Here are some things to consider:

If you restrict your question to a single location-month-hour combination, is a model of the form
act ~ scale_Wind.sp adequate in that situation? Is this relationship reasonably linear?

If you then expand this to several hours*, aren’t the observations of adjacent hours more correlated than those far apart?

If activity varies by month and location, shouldn’t these group-level predictors be crossed rather than nested?

*this is another question about the structure of your data: aren’t observations clustered within days?

Sorry, yes this question needed a lot more background. Here is some code to simulate the data.

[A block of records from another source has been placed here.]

lemma valid_strategy_step:
  assumes "valid_strategy A" "road_map V E s t k Es" "\<forall>e\<in>E. 0 < w e"
    and "last (run A V E w s t k Es n) \<noteq> t"
  shows "{last (run A V E w s t k Es n), last (run A V E w s t k Es (Suc n))}
           \<in> E - revealed Es (run A V E w s t k Es n)"
  using assms run_Suc_step[OF assms(4)] unfolding valid_strategy_def Let_def by simp

section \<open>The fan\<close>

(* The path 1, ..., 2N + 1 with every vertex joined to the apex 0; in the instance fan_blocked N j
   only the spoke at exit_vertex N j, at distance j from the middle vertex N + 1, is open. *)
definition fan_vertices :: "nat \<Rightarrow> nat set" where
  "fan_vertices N = {0..2 * N + 1}"

definition fan_path :: "nat \<Rightarrow> nat set set" where
  "fan_path N = {{v, Suc v} | v. 1 \<le> v \<and> v \<le> 2 * N}"

definition fan_spokes :: "nat \<Rightarrow> nat set set" where
  "fan_spokes N = {{v, 0} | v. 1 \<le> v \<and> v \<le> 2 * N + 1}"

definition fan_edges :: "nat \<Rightarrow> nat set set" where
  "fan_edges N = fan_path N \<union> fan_spokes N"

definition exit_vertex :: "nat \<Rightarrow> int \<Rightarrow> nat" where
  "exit_vertex N j = nat (int N + 1 + j)"

definition fan_blocked :: "nat \<Rightarrow> int \<Rightarrow> nat set set" where
  "fan_blocked N j = fan_spokes N - {{exit_vertex N j, 0}}"

lemma spoke_in_fan_spokes: "1 \<le> v \<Longrightarrow> v \<le> 2 * N + 1 \<Longrightarrow> {v, 0} \<in> fan_spokes N"
  unfolding fan_spokes_def by blast

lemma path_edge_in_fan_path:
  "1 \<le> a \<Longrightarrow> 1 \<le> b \<Longrightarrow> a \<le> 2 * N + 1 \<Longrightarrow> b \<le> 2 * N + 1 \<Longrightarrow> b = Suc a \<or> a = Suc b
    \<Longrightarrow> {a, b} \<in> fan_path N"
  unfolding fan_path_def by (auto simp: insert_commute)

lemma apex_notin_fan_path: "e \<in> fan_path N \<Longrightarrow> 0 \<notin> e"
  unfolding fan_path_def by auto

lemma fan_edge_cases:
  assumes "e \<in> fan_edges N"
  obtains (path) a where "e = {a, Suc a}" "1 \<le> a" "a \<le> 2 * N"
    | (spoke) b where "e = {0, b}" "1 \<le> b" "b \<le> 2 * N + 1"
  using assms unfolding fan_edges_def fan_path_def fan_spokes_def by (auto simp: insert_commute)

lemma fan_edge_to_apex: "{a, 0} \<in> fan_edges N \<Longrightarrow> a \<noteq> 0 \<Longrightarrow> {a, 0} \<in> fan_spokes N"
  unfolding fan_edges_def using apex_notin_fan_path by blast

lemma fan_edge_off_apex: "{a, b} \<in> fan_edges N \<Longrightarrow> a \<noteq> 0 \<Longrightarrow> b \<noteq> 0 \<Longrightarrow> b = Suc a \<or> a = Suc b"
  by (erule fan_edge_cases) (auto simp: doubleton_eq_iff)

lemma exit_vertex:
  assumes "search_target N j"
  shows "int (exit_vertex N j) = int N + 1 + j" "1 \<le> exit_vertex N j" "exit_vertex N j \<le> 2 * N + 1"
  using assms unfolding exit_vertex_def by auto

lemma is_walk_map_upt:
  assumes "0 < n" "\<And>i. Suc i < n \<Longrightarrow> {f i, f (Suc i)} \<in> F"
  shows "is_walk F (map f [0..<n])"
  using assms unfolding is_walk_def by simp

lemma is_walk_snoc: "is_walk F p \<Longrightarrow> {last p, v} \<in> F \<Longrightarrow> is_walk F (p @ [v])"
  unfolding is_walk_def by (auto simp: nth_append last_conv_nth less_Suc_eq) (metis One_nat_def diff_Suc_1)

lemma unit_walk_cost: "walk_cost (\<lambda>_. 1) p = of_nat (length p - 1)"
  unfolding walk_cost_def by simp

lemma fan_wf_graph: "wf_graph (fan_vertices N) (fan_edges N)"
  unfolding wf_graph_def fan_vertices_def fan_edges_def fan_path_def fan_spokes_def by fastforce

lemma fan_connected: "connected_graph (fan_vertices N) (fan_edges N)"
  unfolding connected_graph_def connected_in_def
proof (intro ballI)
  fix u v assume "u \<in> fan_vertices N" "v \<in> fan_vertices N"
  then have spoke: "w \<noteq> 0 \<Longrightarrow> {w, 0} \<in> fan_edges N \<and> {0, w} \<in> fan_edges N" if "w \<in> {u, v}" for w
    using that spoke_in_fan_spokes[of w N] unfolding fan_vertices_def fan_edges_def
    by (auto simp: insert_commute)
  define p where "p = (if u = 0 then [] else [u]) @ [0] @ (if v = 0 then [] else [v])"
  have "is_walk (fan_edges N) p"
    unfolding p_def is_walk_def using spoke
    by (auto simp: nth_Cons' nth_append less_Suc_eq split: if_splits)
  moreover have "hd p = u" "last p = v" unfolding p_def by auto
  ultimately show "\<exists>p. is_walk (fan_edges N) p \<and> hd p = u \<and> last p = v" by blast
qed

definition escape_walk :: "nat \<Rightarrow> int \<Rightarrow> nat list" where
  "escape_walk N j = map (\<lambda>i. nat (int N + 1 + sgn j * int i)) [0..<nat \<bar>j\<bar> + 1] @ [0]"

lemma escape_walk:
  assumes j: "search_target N j"
  shows "is_walk (fan_edges N - fan_blocked N j) (escape_walk N j)"
    "hd (escape_walk N j) = N + 1" "last (escape_walk N j) = 0"
    "length (escape_walk N j) = nat \<bar>j\<bar> + 2"
proof -
  define f where "f i = nat (int N + 1 + sgn j * int i)" for i
  have walk: "escape_walk N j = map f [0..<nat \<bar>j\<bar> + 1] @ [0]"
    unfolding escape_walk_def f_def ..
  then show "length (escape_walk N j) = nat \<bar>j\<bar> + 2" "last (escape_walk N j) = 0"
    "hd (escape_walk N j) = N + 1"
    by (simp_all add: f_def upt_conv_Cons del: upt_Suc)
  have sgn: "sgn j = 1 \<or> sgn j = -1" using j by (auto simp: sgn_if)
  have "fan_path N \<subseteq> fan_edges N - fan_blocked N j"
    using apex_notin_fan_path unfolding fan_edges_def fan_blocked_def fan_spokes_def by blast
  moreover have "{f i, f (Suc i)} \<in> fan_path N" if "i < nat \<bar>j\<bar>" for i
    using that sgn j by (intro path_edge_in_fan_path) (auto simp: f_def)
  ultimately have "is_walk (fan_edges N - fan_blocked N j) (map f [0..<nat \<bar>j\<bar> + 1])"
    by (intro is_walk_map_upt) auto
  moreover have "last (map f [0..<nat \<bar>j\<bar> + 1]) = exit_vertex N j"
    using j by (cases "0 < j") (auto simp: f_def exit_vertex_def)
  moreover have "{exit_vertex N j, 0} \<in> fan_edges N - fan_blocked N j"
    using exit_vertex[OF j] spoke_in_fan_spokes unfolding fan_edges_def fan_blocked_def by blast
  ultimately show "is_walk (fan_edges N - fan_blocked N j) (escape_walk N j)"
    unfolding walk by (intro is_walk_snoc) auto
qed

lemma fan_road_map:
  assumes j: "search_target N j"
  shows "road_map (fan_vertices N) (fan_edges N) (N + 1) 0 (2 * N + 1) (fan_blocked N j)"
proof -
  have "fan_blocked N j \<subset> fan_edges N"
    using exit_vertex[OF j] spoke_in_fan_spokes unfolding fan_blocked_def fan_edges_def by blast
  moreover have "card (fan_blocked N j) \<le> 2 * N + 1"
  proof -
    have "fan_spokes N = (\<lambda>v. {v, 0}) ` {1..2 * N + 1}" unfolding fan_spokes_def by auto
    then have "card (fan_spokes N) \<le> 2 * N + 1" using card_image_le[of "{1..2 * N + 1}"] by simp
    moreover have "finite (fan_spokes N)" using \<open>fan_spokes N = _\<close> by simp
    ultimately show ?thesis unfolding fan_blocked_def by (meson card_Diff1_le le_trans)
  qed
  moreover have "connected_in (fan_edges N - fan_blocked N j) (N + 1) 0"
    unfolding connected_in_def using escape_walk[OF j] by blast
  ultimately show ?thesis
    using fan_wf_graph fan_connected unfolding road_map_def fan_vertices_def by auto
qed

lemma fan_blocked_dist:
  assumes j: "search_target N j"
  shows "1 \<le> blocked_dist (fan_edges N) (\<lambda>_. 1) (fan_blocked N j) (N + 1) 0"
    "blocked_dist (fan_edges N) (\<lambda>_. 1) (fan_blocked N j) (N + 1) 0 \<le> \<bar>j\<bar> + 1"
proof -
  define X where "X = {real_of_rat (walk_cost (\<lambda>_. 1) p) | p.
      is_walk (fan_edges N - fan_blocked N j) p \<and> hd p = N + 1 \<and> last p = 0}"
  have "walk_cost (\<lambda>_. 1) (escape_walk N j) = of_nat (nat \<bar>j\<bar> + 1)"
    using escape_walk(4)[OF j] by (simp add: unit_walk_cost)
  then have "real_of_rat (walk_cost (\<lambda>_. 1) (escape_walk N j)) = real (nat \<bar>j\<bar> + 1)"
    by (simp only: of_rat_of_nat_eq)
  also have "\<dots> = \<bar>j\<bar> + 1"
    by simp
  finally have cost: "real_of_rat (walk_cost (\<lambda>_. 1) (escape_walk N j)) = \<bar>j\<bar> + 1" .
  have mem: "\<bar>j\<bar> + 1 \<in> X"
    unfolding X_def using escape_walk[OF j] cost by (metis (mono_tags, lifting) mem_Collect_eq)
  have lower: "1 \<le> x" if "x \<in> X" for x
  proof -
    obtain p where p: "x = real_of_rat (walk_cost (\<lambda>_. 1) p)" "p \<noteq> []" "hd p = N + 1" "last p = 0"
      using \<open>x \<in> X\<close> unfolding X_def is_walk_def by blast
    then have "2 \<le> length p" by (cases p) (auto simp: Suc_le_eq split: if_splits)
    then show ?thesis unfolding p(1) unit_walk_cost by simp
  qed
  show "1 \<le> blocked_dist (fan_edges N) (\<lambda>_. 1) (fan_blocked N j) (N + 1) 0"
    unfolding blocked_dist_def X_def[symmetric] using mem lower by (intro cInf_greatest) auto
  show "blocked_dist (fan_edges N) (\<lambda>_. 1) (fan_blocked N j) (N + 1) 0 \<le> \<bar>j\<bar> + 1"
    unfolding blocked_dist_def X_def[symmetric] using mem lower by (intro cInf_lower bdd_belowI) auto
qed

section \<open>An outerplanar drawing of the fan\<close>

lemma unbounded_component_of_complement:
  fixes K D P :: "'a :: euclidean_space set"
  assumes "2 \<le> DIM('a)" "bounded K" "convex K" "D \<subseteq> K" "P \<inter> interior K = {}"
  shows "\<exists>C \<in> components (- D). \<not> bounded C \<and> P \<subseteq> closure C"
proof -
  have "\<not> bounded (- K)"
    using assms(2) bounded_Un[of K "- K"] not_bounded_UNIV by (metis Compl_partition)
  then have "- K \<noteq> {}" by auto
  then obtain C where C: "C \<in> components (- D)" "- K \<subseteq> C"
    using exists_component_superset[of "- K" "- D"] connected_complement_bounded_convex[OF assms(2,3,1)]
      assms(4) by blast
  have "\<not> bounded C" using C(2) \<open>\<not> bounded (- K)\<close> bounded_subset by blast
  moreover have "P \<subseteq> closure C"
    using assms(5) closure_mono[OF C(2)] unfolding closure_complement by blast
  ultimately show ?thesis using C(1) by blast
qed

definition fan_point :: "nat \<Rightarrow> complex" where
  "fan_point v = (if v = 0 then \<i> else of_nat v)"

definition fan_arc :: "nat set \<Rightarrow> real \<Rightarrow> complex" where
  "fan_arc e = linepath (fan_point (Min e)) (fan_point (Max e))"

lemma fan_point_inj: "inj fan_point"
  unfolding fan_point_def inj_def by (auto simp: complex_eq_iff)

lemma fan_point_real: "1 \<le> w \<Longrightarrow> fan_point w = of_nat w"
  unfolding fan_point_def by simp

lemma real_eq_fan_point: "Im z = 0 \<Longrightarrow> Re z = real w \<Longrightarrow> 1 \<le> w \<Longrightarrow> z = fan_point w"
  unfolding fan_point_def by (simp add: complex_eq_iff)

lemma fan_arc_path: "1 \<le> a \<Longrightarrow> fan_arc {a, Suc a} = linepath (of_nat a) (of_nat (Suc a))"
  unfolding fan_arc_def fan_point_def by simp

lemma fan_arc_spoke: "1 \<le> b \<Longrightarrow> fan_arc {0, b} = linepath \<i> (of_nat b)"
  unfolding fan_arc_def fan_point_def by simp

lemma on_path_segment:
  "z \<in> closed_segment (of_nat a) (of_nat (Suc a)) \<Longrightarrow> Im z = 0 \<and> real a \<le> Re z \<and> Re z \<le> real a + 1"
  unfolding in_segment by (auto simp: algebra_simps)

lemma on_spoke_segment:
  "z \<in> closed_segment \<i> (of_nat b) \<Longrightarrow> 0 \<le> Im z \<and> Im z \<le> 1 \<and> Re z = (1 - Im z) * real b"
  unfolding in_segment by auto

lemma fan_arc_vertex:
  assumes "e \<in> fan_edges N" "fan_point w \<in> path_image (fan_arc e)"
  shows "w \<in> e"
  using assms(1)
proof (cases rule: fan_edge_cases)
  case (path a)
  then have "Im (fan_point w) = 0 \<and> real a \<le> Re (fan_point w) \<and> Re (fan_point w) \<le> real a + 1"
    using assms(2) on_path_segment by (simp add: fan_arc_path)
  then show ?thesis using path by (cases "w = 0") (auto simp: fan_point_def)
next
  case (spoke b)
  then have "0 \<le> Im (fan_point w) \<and> Re (fan_point w) = (1 - Im (fan_point w)) * real b"
    using assms(2) on_spoke_segment by (simp add: fan_arc_spoke)
  then show ?thesis using spoke by (cases "w = 0") (auto simp: fan_point_def)
qed
(* Let $\Bbbk$ be a field, $R=\Bbbk[x_1,\dots,x_m]$ with the standard $\mathbb Z^m$-grading, $P$ a finite poset, and $\deg\colon P\to\mathbb N^m$ a morphism of posets. Let $\widehat{\mathcal F}_\bullet$ be the homogenization of $\mathcal C_\bullet(P,\Bbbk)$ with respect to $\deg$, and let $I\subseteq R$ be the monomial ideal generated by $x^{\deg a}$ for $a$ minimal in $P$. Then $\widehat{\mathcal F}_\bullet$, augmented by the map $\widehat F_0\to I$ sending $[a]\otimes 1\mapsto x^{\deg a}$ for each minimal $a\in P$, is a free resolution of $I$ if and only if the augmented conic chain complex $\widetilde{\mathcal C}_\bullet(P_{\deg\le\alpha},\Bbbk)$ is exact for every $\alpha\in\mathbb Z^m$ such that $P_{\deg\le\alpha}$ is nonempty.
   Context: For a finite poset $P$ and $a\in P$: $P_{\le a}=\{x: x\le a\}$, $P_{<a}=\{x:x<a\}$, $\Delta(S)$ the order complex, $d(a)=\dim\Delta(P_{\le a})$, $P^n=\{a: d(a)\le n\}$, $\Delta^n=\Delta(P^n)$ ($\Delta^{-1}=\emptyset$), faces oriented by decreasing order of vertices. Conic chain complex: $\mathcal C_n(P,\Bbbk)=H_n(\Delta^n,\Delta^{n-1};\Bbbk)=\bigoplus_{d(a)=n}H_n(\Delta(P_{\le a}),\Delta(P_{<a});\Bbbk)$ for $n\ge0$, with differential $\partial_n=\iota_{n-1}\circ\delta_n$ ($\delta_n$ the connecting map of the pair $(\Delta^n,\Delta^{n-1})$, $\iota_{n-1}\colon\widetilde H_{n-1}(\Delta^{n-1})\to H_{n-1}(\Delta^{n-1},\Delta^{n-2})$ the natural map). Note $\mathcal C_0(P,\Bbbk)=\bigoplus_{a\in P^0}\Bbbk[a]$ where $P^0$ is the set of minimal elements. The augmented conic chain complex $\widetilde{\mathcal C}_\bullet(P,\Bbbk)$ adds $\mathcal C_{-1}=\Bbbk\cdot[\,]$ (the empty face) and $\partial_0([a])=[\,]$. $\mathcal C_\bullet(P,\Bbbk)$ is $P$-graded: $F_{n,a}=H_{n}(\Delta(P_{\le a}),\Delta(P_{<a});\Bbbk)$ if $n=d(a)$ and $0$ otherwise; for $x\in F_{n,a}$ write $f_n^b(x)$ for the component of $\partial_n(x)$ in $F_{n-1,b}$ (nonzero only if $b\le a$). The homogenization with respect to $\deg$ is the complex of $\mathbb Z^m$-graded $R$-modules with $\widehat F_n=\bigoplus_{a\in P}F_{n,a}\otimes_\Bbbk R(-\deg a)$ and $\hat f_n(x\otimes1)=\sum_{b\le a}f_n^b(x)\otimes x^{\deg a-\deg b}$ for $x\in F_{n,a}$. For $\alpha\in\mathbb Z^m$, $P_{\deg\le\alpha}=\{x\in P:\deg x\le\alpha\}$ (componentwise order) with the induced order. *)

theory Defs
  imports Main "HOL-Library.Poly_Mapping"
begin

text \<open>Faces of the order complex: nonempty chains, listed in decreasing order
  (this fixes the orientation). The first element (hd) is the top of the chain.\<close>
definition ochains :: "'a::order set \<Rightarrow> 'a list set" where
  "ochains S = {xs. xs \<noteq> [] \<and> set xs \<subseteq> S \<and> sorted_wrt (>) xs}"

text \<open>d(a) = dim Delta(S_{\<le>a}).\<close>
definition dd :: "'a::order set \<Rightarrow> 'a \<Rightarrow> nat" where
  "dd S a = Max (length ` ochains {x \<in> S. x \<le> a}) - 1"

text \<open>n-faces of Delta^n not in Delta^{n-1}: n-simplices whose top a has d(a) = n.\<close>
definition cells :: "'a::order set \<Rightarrow> nat \<Rightarrow> 'a list set" where
  "cells S n = {xs \<in> ochains S. length xs = Suc n \<and> dd S (hd xs) = n}"

definition remove_nth :: "nat \<Rightarrow> 'a list \<Rightarrow> 'a list" where
  "remove_nth i xs = take i xs @ drop (Suc i) xs"

definition bdryw :: "('a list \<Rightarrow> 'a list \<Rightarrow> 'r::comm_ring_1) \<Rightarrow> 'a list set
    \<Rightarrow> ('a list \<Rightarrow> 'r) \<Rightarrow> 'a list \<Rightarrow> 'r" where
  "bdryw w X c \<tau> = (\<Sum>\<sigma>\<in>X. \<Sum>i<length \<sigma>.
      if remove_nth i \<sigma> = \<tau> then (-1) ^ i * w \<sigma> \<tau> * c \<sigma> else 0)"

text \<open>Conic chains in degree n with coefficients in K \<subseteq> 'r:
  H_n(Delta^n, Delta^{n-1}) realised as relative cycles (Delta^n has no (n+1)-faces),
  i.e. chains supported on cells S n whose boundary has no face with top of d = n.
  For K a ring R over the field, this is the tensor product C_n \<otimes> R.\<close>
definition CC :: "'a::order set \<Rightarrow> 'r::comm_ring_1 set \<Rightarrow> nat \<Rightarrow> ('a list \<Rightarrow> 'r) set" where
  "CC S K n = {c. (\<forall>\<sigma>. c \<sigma> \<noteq> 0 \<longrightarrow> \<sigma> \<in> cells S n) \<and> (\<forall>\<sigma>. c \<sigma> \<in> K) \<and>
      (\<forall>\<tau>. \<tau> \<in> ochains S \<and> length \<tau> = n \<and> dd S (hd \<tau>) = n
              \<longrightarrow> bdryw (\<lambda>_ _. 1) (cells S n) c \<tau> = 0)}"

text \<open>Differential in degree n \<ge> 1 (connecting map followed by the natural map, i.e.
  boundary followed by projection modulo Delta^{n-2}), with weights w.\<close>
definition diffw :: "('a list \<Rightarrow> 'a list \<Rightarrow> 'r::comm_ring_1) \<Rightarrow> 'a::order set \<Rightarrow> nat
    \<Rightarrow> ('a list \<Rightarrow> 'r) \<Rightarrow> 'a list \<Rightarrow> 'r" where
  "diffw w S n c = (\<lambda>\<tau>. if \<tau> \<in> cells S (n - 1) then bdryw w (cells S n) c \<tau> else 0)"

set.seed(123)  # Set seed for reproducibility

# Constants
locations <- 4
months <- 12
hours_per_night <- 15
nights_per_month <- 30  # Assume 30 days in each month for simplicity
total_hours <- hours_per_night * nights_per_month * months * locations

# Generate simulated data
data <- data.frame(
  Location = rep(paste("Location", 1:locations), each = total_hours),
  Month = rep(rep(1:months, each = hours_per_night * nights_per_month), times = locations),
  Hour = rep(rep(1:hours_per_night, each = nights_per_month), times = locations * months),
  Night = rep(rep(1:nights_per_month, each = hours_per_night), times = locations * months),
  WindSpeed = rnorm(total_hours, mean = 7, sd = 3),  # Wind speed in km/h, generated as a continuous variable
  BatActivity = NA  # Placeholder for bat activity counts
)

# Ensure wind speed is positive (if needed, we can take the absolute value)
data$WindSpeed <- abs(data$WindSpeed)

# Simulate Bat Activity based on Wind Speed (with noise)
for (i in 1:nrow(data)) {
  wind_speed <- data$WindSpeed[i]
  # Assuming bat activity inversely related to wind speed, with some noise
  bat_activity <- max(0, round(rnorm(1, mean = 50 - wind_speed * 3, sd = 10)))  # 50 - wind_speed * 3
  data$BatActivity[i] <- bat_activity
}

Before I answer your questions, I want to clarify my objective. There are two influences on bat activity and they appear to be wind speed and time of night (hour). I would like to tease out the relationship between those, and to understand their relative importance and/or how they interact.

My expectations are:

1: I Expect higher bat activity at certain times of night unless
2: Wind speed is high

Is it this simple? For example, if the early evening is windy, do bats shift feeding to the usual low activity time of 2300-0200?

Answer your questions:

  1. Yes, wind speed is a continuous variable.
  2. I want to expand my question to all hours sampled, not just a single location-month-hour combination.
  3. Yes, observations of adjacent hours are more correlated than those that are far apart. How do I model this?
  4. Activity varies by month and location. I think they should be crossed and not nested. I would do that with a “:” correct?
  5. We didn’t include a day variable but we could. I’m sure there is daily variation within Months.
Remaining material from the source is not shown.